Brief> Write out exactly the lines of the entries below, from the first through the line containing "so that it is uniquely determined.\<close>", and nothing beyond them.

(Records from a dataset)
::::
text \<open>The Dickman function. Mathematically it lives on [0,\<infinity>); as a total
function real \<Rightarrow> real we fix the (irrelevant) convention rho u = 0 for u < 0
so that it is uniquely determined.\<close>
definition dickman :: "real \<Rightarrow> real" where
  "dickman = (THE \<rho>. continuous_on {0..} \<rho>
      \<and> (\<forall>u\<in>{0..1}. \<rho> u = 1)
      \<and> (\<forall>u>1. (\<rho> has_real_derivative (- \<rho> (u - 1) / u)) (at u))
      \<and> (\<forall>u<0. \<rho> u = 0))"

text \<open>The parameters z_1, ..., z_j, indexed 0-based: zpar n y k = z_(k+1).\<close>
definition zpar :: "nat \<Rightarrow> real \<Rightarrow> nat \<Rightarrow> real" where
  "zpar n y k = (if k = 0 then y / real n
                 else (real n + 1 - real k) / (real n - real k))"

definition Midx :: "nat \<Rightarrow> nat list set" where
  "Midx j = {ns. length ns = j \<and> sorted_wrt (>) ns \<and> (\<forall>m\<in>set ns. m > 0)}"

definition M :: "nat \<Rightarrow> nat \<Rightarrow> real \<Rightarrow> real" where
  "M j n y = (\<Sum>\<^sub>\<infinity> ns \<in> Midx j.
       (\<Prod>k<j. zpar n y k ^ (ns ! k) / real (ns ! k)))"

end

theory Submission
  imports Defs
begin

text \<open>The Dickman function is the unique solution of its delay equation; a solution is obtained
  by Picard iteration, which also makes the definite description in \<open>dickman\<close> meaningful.
  Viewing \<open>M j n y\<close> as a power series in \<open>z_1 = y/n\<close>, differentiation in \<open>y\<close> sums a geometric
  series over the outermost index \<open>n_1\<close>; since \<open>z_1 z_2 = y/(n-1)\<close> and \<open>z_3, z_4, ...\<close> are the
  parameters \<open>z_2, z_3, ...\<close> belonging to \<open>n - 1\<close>, the \<open>y\<close>-derivative of \<open>M j n y\<close> is
  \<open>M (j-1) (n-1) y / (n - y)\<close>, where \<open>M 0 = 1\<close>. Hence the right-hand side \<open>R_n(y)\<close> satisfies
  \<open>R_n' = R_(n-1) / (n - y)\<close>, which by the delay equation is also the derivative of \<open>\<rho>(n - y)\<close>
  once \<open>R_(n-1)(y) = \<rho>(n - 1 - y)\<close> is known; as both sides agree at \<open>y = 0\<close>, induction on
  \<open>n\<close> proves the identity.\<close>

lemma continuous_on_atLeast_if_bounded:
  fixes f :: "real \<Rightarrow> real"
  assumes "\<And>b. continuous_on {a..b} f"
  shows "continuous_on {a..} f"
  unfolding continuous_on_eq_continuous_within
proof
  fix x :: real assume x: "x \<in> {a..}"
  have "continuous (at x within {a..x+1}) f"
    using assms[of "x+1"] x unfolding continuous_on_eq_continuous_within by auto
  moreover have "at x within {a..} = at x within {a..x+1}"
    by (rule at_within_nhd[where S="{..<x+1}"]) auto
  ultimately show "continuous (at x within {a..}) f" by simp
qed

definition is_dickman :: "(real \<Rightarrow> real) \<Rightarrow> bool" where
  "is_dickman \<rho> \<longleftrightarrow> continuous_on {0..} \<rho>
      \<and> (\<forall>u\<in>{0..1}. \<rho> u = 1)
      \<and> (\<forall>u>1. (\<rho> has_real_derivative (- \<rho> (u - 1) / u)) (at u))
      \<and> (\<forall>u<0. \<rho> u = 0)"

lemma is_dickman_unique_le:
  assumes f: "is_dickman f" and g: "is_dickman g"
  shows "u \<le> real k + 1 \<Longrightarrow> f u = g u"
proof (induction k arbitrary: u)
  case 0
  then show ?case using f g unfolding is_dickman_def by (cases "u < 0") auto
next
  case (Suc k)
  show ?case
  proof (cases "u \<le> real k + 1")
    case True then show ?thesis using Suc.IH by blast
  next
    case False
    define D where "D x = f x - g x" for x
    have "continuous_on {0..} f" "continuous_on {0..} g"
      using f g by (auto simp: is_dickman_def)
    then have cD: "continuous_on {real k + 1..real k + 2} D"
      unfolding D_def by (auto intro!: continuous_on_diff intro: continuous_on_subset)
    have dD: "(D has_real_derivative 0) (at x)" if "real k + 1 < x" "x < real k + 2" for x
    proof -
      have "(D has_real_derivative (- f (x - 1) / x) - (- g (x - 1) / x)) (at x)"
        unfolding D_def using f g that by (intro DERIV_diff) (auto simp: is_dickman_def)
      moreover have "f (x - 1) = g (x - 1)" using Suc.IH that by (cases "x - 1 \<le> real k + 1") auto
      ultimately show ?thesis by simp
    qed
    have "D u = D (real k + 1)"
      by (rule DERIV_isconst2[OF _ cD dD]) (use Suc.prems False in auto)
    moreover have "D (real k + 1) = 0" using Suc.IH[of "real k + 1"] by (simp add: D_def)
    ultimately show ?thesis by (simp add: D_def)
  qed
qed

lemma is_dickman_unique: "is_dickman f \<Longrightarrow> is_dickman g \<Longrightarrow> f = g"
  using is_dickman_unique_le real_nat_ceiling_ge by (metis add_increasing2 ext zero_le_one)

text \<open>The Picard iterates of the integral equation
  \<open>\<rho>(u) = 1 - \<integral>\<^sub>1\<^sup>u \<rho>(t - 1) / t dt\<close>; the \<open>k\<close>-th iterate is exact on \<open>u \<le> k + 1\<close>.\<close>
fun dickman_iter :: "nat \<Rightarrow> real \<Rightarrow> real" where
  "dickman_iter 0 u = (if u < 0 then 0 else 1)"
| "dickman_iter (Suc k) u =
     (if u < 0 then 0 else 1 - integral {1..u} (\<lambda>t. dickman_iter k (t - 1) / t))"

lemma integral_atLeastAtMost_le_1: "u \<le> 1 \<Longrightarrow> integral {1..u} (f :: real \<Rightarrow> real) = 0"
  by (cases "u < 1") auto

lemma dickman_iter_kernel_continuous:
  assumes "\<And>b. continuous_on {0..b} (dickman_iter k)"
  shows "continuous_on {1..c} (\<lambda>t. dickman_iter k (t - 1) / t)"
proof (rule continuous_on_divide)
  show "continuous_on {1..c} (\<lambda>t. dickman_iter k (t - 1))"
    by (rule continuous_on_compose2[OF assms[of "c - 1"]]) (auto intro!: continuous_intros)
qed (auto intro!: continuous_intros)

lemma dickman_iter_continuous: "continuous_on {0..b} (dickman_iter k)"
proof (induction k arbitrary: b)
  case 0
  show ?case by (rule continuous_on_eq[OF continuous_on_const[of _ 1]]) auto
next
  case (Suc k)
  have one: "continuous_on {0..1} (dickman_iter (Suc k))"
    by (rule continuous_on_eq[OF continuous_on_const[of _ 1]])
       (auto simp: integral_atLeastAtMost_le_1)
  have "continuous_on {1..c} (\<lambda>t. 1 - integral {1..t} (\<lambda>t. dickman_iter k (t - 1) / t))" for c
    using dickman_iter_kernel_continuous[OF Suc.IH]
    by (intro continuous_on_diff continuous_on_const indefinite_integral_continuous_1
        integrable_continuous_real)
  then have rest: "continuous_on {1..c} (dickman_iter (Suc k))" for c
    by (rule continuous_on_eq) auto
  show ?case
  proof (cases "b \<le> 1")
    case True
    then show ?thesis by (intro continuous_on_subset[OF one]) auto
  next
    case False
    with continuous_on_closed_Un[OF _ _ one rest, of b] show ?thesis
      by (simp add: ivl_disj_un_two_touch)
  qed
qed

lemma dickman_iter_Suc_eq: "u \<le> real k + 1 \<Longrightarrow> dickman_iter (Suc k) u = dickman_iter k u"
proof (induction k arbitrary: u)
  case 0
  then show ?case by (simp add: integral_atLeastAtMost_le_1)
next
  case (Suc k)
  have "integral {1..u} (\<lambda>t. dickman_iter (Suc k) (t - 1) / t)
      = integral {1..u} (\<lambda>t. dickman_iter k (t - 1) / t)"
  proof (rule integral_cong)
    fix t assume "t \<in> {1..u}"
    then have "t - 1 \<le> real k + 1" using Suc.prems by auto
    then show "dickman_iter (Suc k) (t - 1) / t = dickman_iter k (t - 1) / t"
      by (simp only: Suc.IH)
  qed
  then show ?case by (simp only: dickman_iter.simps)
qed

lemma dickman_iter_stable:
  "k \<le> m \<Longrightarrow> u \<le> real k + 1 \<Longrightarrow> dickman_iter m u = dickman_iter k u"
proof (induction m rule: dec_induct)
  case (step m)
  then show ?case using dickman_iter_Suc_eq[of u m] by simp
qed simp

definition dickman_sol :: "real \<Rightarrow> real" where
  "dickman_sol u = dickman_iter (nat \<lceil>u\<rceil>) u"

lemma dickman_sol_eq_iter: "u \<le> real k + 1 \<Longrightarrow> dickman_sol u = dickman_iter k u"
  unfolding dickman_sol_def
  by (metis dickman_iter_stable nat_le_linear add_increasing2 real_nat_ceiling_ge zero_le_one)

lemma is_dickman_dickman_sol: "is_dickman dickman_sol"
  unfolding is_dickman_def
proof (intro conjI ballI allI impI)
  show "continuous_on {0..} dickman_sol"
  proof (rule continuous_on_atLeast_if_bounded)
    fix b :: real
    show "continuous_on {0..b} dickman_sol"
    proof (rule continuous_on_eq[OF dickman_iter_continuous[of b "nat \<lceil>b\<rceil>"]])
      fix u assume "u \<in> {0..b}"
      then have "u \<le> b" by simp
      with real_nat_ceiling_ge[of b] have "u \<le> real (nat \<lceil>b\<rceil>) + 1" by linarith
      then show "dickman_iter (nat \<lceil>b\<rceil>) u = dickman_sol u" by (simp add: dickman_sol_eq_iter)
    qed
  qed
next
  fix u :: real
  show "u \<in> {0..1} \<Longrightarrow> dickman_sol u = 1" and "u < 0 \<Longrightarrow> dickman_sol u = 0"
    using dickman_sol_eq_iter[of u 0] by auto
next
  fix u :: real assume u: "1 < u"
  define k where "k = nat \<lceil>u\<rceil>"
  have uk: "u \<le> real k" unfolding k_def by (rule real_nat_ceiling_ge)
  define h where "h = (\<lambda>t. dickman_iter k (t - 1) / t)"
  have "((\<lambda>x. integral {1..x} h) has_real_derivative h u) (at u within {1..u+1})"
    unfolding h_def using u
    by (intro integral_has_real_derivative dickman_iter_kernel_continuous dickman_iter_continuous) auto
  moreover have "at u within {1..u+1} = at u"
    by (rule at_within_interior) (use u in auto)
  ultimately have "((\<lambda>x. 1 - integral {1..x} h) has_real_derivative - h u) (at u)"
    by (auto intro!: derivative_eq_intros)
  then have "(dickman_sol has_real_derivative - h u) (at u)"
    by (rule has_field_derivative_transform_within_open[where S="{0<..<real k + 2}"])
       (use u uk in \<open>auto simp: dickman_sol_eq_iter[of _ "Suc k"] h_def\<close>)
  moreover have "h u = dickman_sol (u - 1) / u"
    using uk dickman_sol_eq_iter[of "u - 1" k] by (simp add: h_def)
  ultimately show "(dickman_sol has_real_derivative - dickman_sol (u - 1) / u) (at u)" by simp
qed

lemma is_dickman_dickman: "is_dickman dickman"
proof -
  have "dickman = dickman_sol"
    unfolding dickman_def
    by (rule the_equality)
       (use is_dickman_dickman_sol is_dickman_unique in \<open>auto simp: is_dickman_def\<close>)
  then show ?thesis using is_dickman_dickman_sol by simp
qed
::::
Response to the task>
text \<open>The Dickman function. Mathematically it lives on [0,\<infinity>); as a total
function real \<Rightarrow> real we fix the (irrelevant) convention rho u = 0 for u < 0
so that it is uniquely determined.\<close>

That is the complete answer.